Recorded data

• • • •

(* Let $N\ge1$, $h,\varepsilon\in(0,1)$, and let $\Phi$ be the opinion operator defined in the context. Let $P=(p_1,\dots,p_N)$ be a nondecreasing fixed point of $\Phi$ of one of the following two forms, with associated indices $a\le m$: (i) $P=(-1,\dots,-1,0,\dots,0,1,\dots,1)$ with at least one zero entry, where $a$ and $m$ are the first and last indices with $p_k=0$; (ii) there are indices $1\le a\le l<b\le m\le N$ with $p_k=-1$ for $k<a$, $-\varepsilon<p_k<0$ for $a\le k\le l$, $p_k=0$ for $l<k<b$, $0<p_k<\varepsilon$ for $b\le k\le m$, $p_k=1$ for $k>m$, $J(p_k)=\{a,\dots,m\}$ for all $k\in\{a,\dots,m\}$, and $p_a+\dots+p_m=0$. Let $\rho(V,V')=\max_{1\le k\le N}|v_k-v'_k|$ and $\Pi=\{V:\ v_a+\dots+v_m=0\}$. Then there exists $d>0$ such that, with $U=\{V:\rho(V,P)<d\}$, for every $V\in U\setminus\Pi$ with nondecreasing components there exists $n>0$ with $\Phi^n(V)\notin U$.
   Context: For $V=(v_1,\dots,v_N)\in[-1,1]^N$ and each $k$, let $J(v_k)=\{l\in\{1,\dots,N\}:|v_l-v_k|\le\varepsilon\}$ (computed within the array $V$) and $I(v_k)=|J(v_k)|$. Put $w_k(V)=v_k+\frac{h}{I(v_k)}\sum_{l\in J(v_k)}v_l$. Then $\Phi(V)=(v_1',\dots,v_N')$ where $v_k'=-1$ if $w_k<-1$, $v_k'=1$ if $w_k>1$, and $v_k'=w_k$ if $|w_k|\le1$. *)

theory Defs
  imports Complex_Main
begin

text \<open>Opinion vectors V = (v_1,...,v_N) are functions nat => real, only indices 1..N matter.\<close>

definition Jset :: "nat \<Rightarrow> real \<Rightarrow> (nat \<Rightarrow> real) \<Rightarrow> nat \<Rightarrow> nat set" where
  "Jset N eps V k = {l \<in> {1..N}. \<bar>V l - V k\<bar> \<le> eps}"

definition Icard :: "nat \<Rightarrow> real \<Rightarrow> (nat \<Rightarrow> real) \<Rightarrow> nat \<Rightarrow> nat" where
  "Icard N eps V k = card (Jset N eps V k)"

definition wval :: "nat \<Rightarrow> real \<Rightarrow> real \<Rightarrow> (nat \<Rightarrow> real) \<Rightarrow> nat \<Rightarrow> real" where
  "wval N h eps V k = V k + h / real (Icard N eps V k) * (\<Sum>l\<in>Jset N eps V k. V l)"

definition Phi :: "nat \<Rightarrow> real \<Rightarrow> real \<Rightarrow> (nat \<Rightarrow> real) \<Rightarrow> (nat \<Rightarrow> real)" where
  "Phi N h eps V = (\<lambda>k. if k \<in> {1..N} then
      (let w = wval N h eps V k in if w < -1 then -1 else if w > 1 then 1 else w)
    else V k)"

definition rho :: "nat \<Rightarrow> (nat \<Rightarrow> real) \<Rightarrow> (nat \<Rightarrow> real) \<Rightarrow> real" where
  "rho N V V' = Max ((\<lambda>k. \<bar>V k - V' k\<bar>) ` {1..N})"

definition nondecr :: "nat \<Rightarrow> (nat \<Rightarrow> real) \<Rightarrow> bool" where
  "nondecr N V \<longleftrightarrow> (\<forall>i j. 1 \<le> i \<and> i \<le> j \<and> j \<le> N \<longrightarrow> V i \<le> V j)"

definition in_cube :: "nat \<Rightarrow> (nat \<Rightarrow> real) \<Rightarrow> bool" where
  "in_cube N V \<longleftrightarrow> (\<forall>k\<in>{1..N}. -1 \<le> V k \<and> V k \<le> 1)"

definition form_i :: "nat \<Rightarrow> (nat \<Rightarrow> real) \<Rightarrow> nat \<Rightarrow> nat \<Rightarrow> bool" where
  "form_i N P a m \<longleftrightarrow> 1 \<le> a \<and> a \<le> m \<and> m \<le> N \<and>
     (\<forall>k\<in>{1..N}. (k < a \<longrightarrow> P k = -1) \<and> (a \<le> k \<and> k \<le> m \<longrightarrow> P k = 0) \<and> (m < k \<longrightarrow> P k = 1))"

definition form_ii :: "nat \<Rightarrow> real \<Rightarrow> (nat \<Rightarrow> real) \<Rightarrow> nat \<Rightarrow> nat \<Rightarrow> bool" where
  "form_ii N eps P a m \<longleftrightarrow> (\<exists>l b. 1 \<le> a \<and> a \<le> l \<and> l < b \<and> b \<le> m \<and> m \<le> N \<and>
     (\<forall>k\<in>{1..N}. (k < a \<longrightarrow> P k = -1)
        \<and> (a \<le> k \<and> k \<le> l \<longrightarrow> -eps < P k \<and> P k < 0)
        \<and> (l < k \<and> k < b \<longrightarrow> P k = 0)
        \<and> (b \<le> k \<and> k \<le> m \<longrightarrow> 0 < P k \<and> P k < eps)
        \<and> (m < k \<longrightarrow> P k = 1))
     \<and> (\<forall>k\<in>{a..m}. Jset N eps P k = {a..m})
     \<and> (\<Sum>k=a..m. P k) = 0)"

end

theory Submission
  imports Defs
begin

text \<open>
  Close enough to P, the agents a..m form a cluster that neither sees the other agents nor
  is clipped at \<open>\<plusminus>1\<close>. While the cluster stays connected (all its opinions within eps of one
  another), every member moves by h times the cluster mean, so the cluster sum is multiplied
  by 1 + h in each step; being bounded near P, it must vanish. Once the cluster splits, the
  two sides of a gap are pushed apart by a fixed amount per step: P sums to zero over the
  cluster, so the mean seen from below the gap lies below zero by at least the smallest
  nonzero weight of P divided by the cluster size, and symmetrically above.
\<close>

lemma rho_less_iff:
  assumes "1 \<le> N"
  shows "rho N V P < d \<longleftrightarrow> (\<forall>k\<in>{1..N}. \<bar>V k - P k\<bar> < d)"
  unfolding rho_def using assms by (subst Max_less_iff) auto

definition nbhd :: "nat set \<Rightarrow> real \<Rightarrow> (nat \<Rightarrow> real) \<Rightarrow> nat \<Rightarrow> nat set" where
  "nbhd B eps V k = {l\<in>B. \<bar>V l - V k\<bar> \<le> eps}"

lemma nbhd_uminus [simp]: "nbhd B eps (\<lambda>i. - V i) k = nbhd B eps V k"
  unfolding nbhd_def by (simp add: abs_minus_commute)

lemma card_nbhd_bounds:
  assumes "finite B" "k \<in> B" "0 \<le> eps"
  shows "1 \<le> card (nbhd B eps V k)" "card (nbhd B eps V k) \<le> card B"
proof -
  have "k \<in> nbhd B eps V k" "finite (nbhd B eps V k)" "nbhd B eps V k \<subseteq> B"
    using assms unfolding nbhd_def by auto
  then show "1 \<le> card (nbhd B eps V k)" "card (nbhd B eps V k) \<le> card B"
    using assms(1) by (auto simp: Suc_le_eq card_gt_0_iff intro: card_mono)
qed

lemma nbhd_mean_le:
  fixes V P :: "nat \<Rightarrow> real"
  assumes B: "finite B" "sum P B = 0"
    and close: "\<And>i. i \<in> B \<Longrightarrow> \<bar>V i - P i\<bar> < d"
    and bounded: "\<And>i. i \<in> B \<Longrightarrow> \<bar>P i\<bar> \<le> eta" and d_eta: "2 * d \<le> eps - eta"
    and nu: "0 \<le> nu" "\<And>i. i \<in> B \<Longrightarrow> P i \<noteq> 0 \<Longrightarrow> nu \<le> \<bar>P i\<bar>"
    and jk: "j \<in> B" "k \<in> B" "eps < V j - V k"
  shows "sum V (nbhd B eps V k) / card (nbhd B eps V k) \<le> d - nu / card B"
proof -
  define J where "J = nbhd B eps V k"
  have "0 \<le> eps"
    using d_eta bounded[OF jk(1)] close[OF jk(1)] abs_ge_zero[of "P j"] abs_ge_zero[of "V j - P j"]
    by linarith
  then have card_J: "1 \<le> card J" "card J \<le> card B" and "J \<subseteq> B"
    using card_nbhd_bounds[OF B(1) jk(2)] unfolding J_def nbhd_def by auto
  have Pk_neg: "P k < 0" and Pj_pos: "0 < P j"
    using jk close[of j] close[of k] bounded[of j] bounded[of k] d_eta by (auto simp: abs_le_iff abs_less_iff)
  txt \<open>Everything outside the neighbourhood of k lies above it and so carries a nonnegative
    weight; as the weights sum to zero, those inside sum to at most \<open>-P j\<close>.\<close>
  have outside_nonneg: "0 \<le> P i" if "i \<in> B - J" for i
  proof -
    have "eps < \<bar>V i - V k\<bar>" using that unfolding J_def nbhd_def by auto
    then show ?thesis using that jk(2) close[of i] close[of k] bounded[of i] bounded[of k] Pk_neg d_eta
      by (auto simp: abs_le_iff abs_less_iff abs_if split: if_splits)
  qed
  have "j \<in> B - J" using jk unfolding J_def nbhd_def by auto
  then have "P j \<le> sum P (B - J)"
    using B(1) outside_nonneg by (intro member_le_sum) auto
  moreover have "nu \<le> P j" using nu(2)[OF jk(1)] Pj_pos by simp
  moreover have "sum P B = sum P J + sum P (B - J)"
    using sum.subset_diff[OF \<open>J \<subseteq> B\<close> B(1)] by (simp add: add.commute)
  ultimately have sum_P: "sum P J \<le> - nu" using B(2) by linarith
  have "sum V J - sum P J = (\<Sum>i\<in>J. V i - P i)" by (simp add: sum_subtractf)
  also have "\<dots> \<le> (\<Sum>i\<in>J. d)"
    using close \<open>J \<subseteq> B\<close> by (intro sum_mono) (force simp: abs_less_iff)
  finally have "sum V J \<le> - nu + card J * d" using sum_P by simp
  then have "sum V J / card J \<le> (- nu + card J * d) / card J"
    using card_J by (intro divide_right_mono) auto
  also have "\<dots> = d - nu / card J" using card_J by (simp add: field_simps)
  also have "\<dots> \<le> d - nu / card B" using card_J nu(1) by (simp add: frac_le)
  finally show ?thesis unfolding J_def .
qed

locale isolated_cluster =
  fixes N a m :: nat and h eps :: real and P :: "nat \<Rightarrow> real"
  assumes cluster_bounds: "1 \<le> a" "a \<le> m" "m \<le> N"
    and h_pos: "0 < h" and eps_pos: "0 < eps" and eps_less_1: "eps < 1"
    and cluster_separated: "\<And>k l. k \<in> {a..m} \<Longrightarrow> l \<in> {1..N} - {a..m} \<Longrightarrow> eps < \<bar>P l - P k\<bar>"
    and cluster_small: "\<And>k. k \<in> {a..m} \<Longrightarrow> \<bar>P k\<bar> < eps"
    and cluster_sum: "(\<Sum>k=a..m. P k) = 0"
begin

definition cluster_max :: real where
  "cluster_max = Max ((\<lambda>k. \<bar>P k\<bar>) ` {a..m})"

text \<open>The inserted 1 keeps the minimum defined when the whole cluster sits at 0.\<close>
definition cluster_min_nonzero :: real where
  "cluster_min_nonzero = Min (insert 1 ((\<lambda>k. \<bar>P k\<bar>) ` {k\<in>{a..m}. P k \<noteq> 0}))"

lemma cluster_max_less_eps: "cluster_max < eps"
  unfolding cluster_max_def using cluster_small cluster_bounds by (subst Max_less_iff) auto

lemma abs_le_cluster_max: "k \<in> {a..m} \<Longrightarrow> \<bar>P k\<bar> \<le> cluster_max"
  unfolding cluster_max_def by auto

lemma cluster_min_nonzero_pos: "0 < cluster_min_nonzero"
  unfolding cluster_min_nonzero_def by (subst Min_gr_iff) auto

lemma cluster_min_nonzero_le: "k \<in> {a..m} \<Longrightarrow> P k \<noteq> 0 \<Longrightarrow> cluster_min_nonzero \<le> \<bar>P k\<bar>"
  unfolding cluster_min_nonzero_def by (auto intro: Min_le)

end

text \<open>The constraints on d: separation keeps the neighbourhoods of cluster members inside the
  cluster, \<open>d_clip\<close> rules out clipping, and the last two make a split cluster drift apart.\<close>
locale cluster_neighbourhood = isolated_cluster +
  fixes d :: real
  assumes d_pos: "0 < d"
    and d_separation: "\<And>k l. k \<in> {a..m} \<Longrightarrow> l \<in> {1..N} - {a..m} \<Longrightarrow> eps + 2 * d < \<bar>P l - P k\<bar>"
    and d_cluster_max: "2 * d \<le> eps - cluster_max"
    and d_clip: "d \<le> 1 - cluster_max"
    and d_min_nonzero: "2 * card {a..m} * d \<le> cluster_min_nonzero"

context isolated_cluster
begin

lemma cluster_neighbourhood_exists: "\<exists>d. cluster_neighbourhood N a m h eps P d"
proof -
  define sep where
    "sep = Min (insert 1 ((\<lambda>(k, l). \<bar>P l - P k\<bar> - eps) ` ({a..m} \<times> ({1..N} - {a..m}))))"
  have sep_pos: "0 < sep" unfolding sep_def using cluster_separated by (subst Min_gr_iff) auto
  have sep_le: "sep \<le> \<bar>P l - P k\<bar> - eps" if "k \<in> {a..m}" "l \<in> {1..N} - {a..m}" for k l
    unfolding sep_def using that by (intro Min_le) force+
  define d where
    "d = min (sep / 4) (min ((eps - cluster_max) / 2) (min (1 - cluster_max)
           (cluster_min_nonzero / (2 * real (card {a..m})))))"
  have d_le: "d \<le> sep / 4" "d \<le> (eps - cluster_max) / 2" "d \<le> 1 - cluster_max"
    "d \<le> cluster_min_nonzero / (2 * real (card {a..m}))"
    unfolding d_def by (meson min.cobounded1 min.cobounded2 order_trans)+
  have card_pos: "0 < real (card {a..m})" using cluster_bounds by simp
  have "0 < d"
    unfolding d_def using sep_pos cluster_max_less_eps eps_less_1 cluster_min_nonzero_pos card_pos
    by (simp del: card_atLeastAtMost)
  moreover have "2 * card {a..m} * d \<le> cluster_min_nonzero"
    using d_le(4) card_pos by (simp add: le_divide_eq mult.commute del: card_atLeastAtMost)
  moreover have "eps + 2 * d < \<bar>P l - P k\<bar>" if "k \<in> {a..m}" "l \<in> {1..N} - {a..m}" for k l
    using sep_le[OF that] sep_pos d_le(1) by linarith
  ultimately have "cluster_neighbourhood N a m h eps P d"
    using d_le(2,3) by unfold_locales (auto simp: field_simps)
  then show ?thesis ..
qed

end

context cluster_neighbourhood
begin

definition near :: "(nat \<Rightarrow> real) \<Rightarrow> bool" where
  "near V \<longleftrightarrow> (\<forall>i\<in>{1..N}. \<bar>V i - P i\<bar> < d)"

lemma near_on_cluster: "near V \<Longrightarrow> k \<in> {a..m} \<Longrightarrow> \<bar>V k - P k\<bar> < d"
  unfolding near_def using cluster_bounds by auto

lemma Jset_eq_nbhd:
  assumes "near V" "k \<in> {a..m}"
  shows "Jset N eps V k = nbhd {a..m} eps V k"
proof -
  have "l \<in> {a..m}" if "l \<in> {1..N}" "\<bar>V l - V k\<bar> \<le> eps" for l
  proof (rule ccontr)
    assume "l \<notin> {a..m}"
    then have "eps + 2 * d < \<bar>P l - P k\<bar>" using d_separation assms(2) that(1) by blast
    moreover have "\<bar>V l - P l\<bar> < d" "\<bar>V k - P k\<bar> < d"
      using assms that(1) near_on_cluster unfolding near_def by auto
    ultimately show False using that(2) by linarith
  qed
  then show ?thesis unfolding Jset_def nbhd_def using cluster_bounds by auto
qed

• • • •

◆ Task statement
Wherever a line holds the word "also", copy that line out of the entries above.

◆ Exercise output
  also have "\<dots> \<le> (\<Sum>i\<in>J. d)"
  also have "\<dots> = d - nu / card J" using card_J by (simp add: field_simps)
  also have "\<dots> \<le> d - nu / card B" using card_J nu(1) by (simp add: frac_le)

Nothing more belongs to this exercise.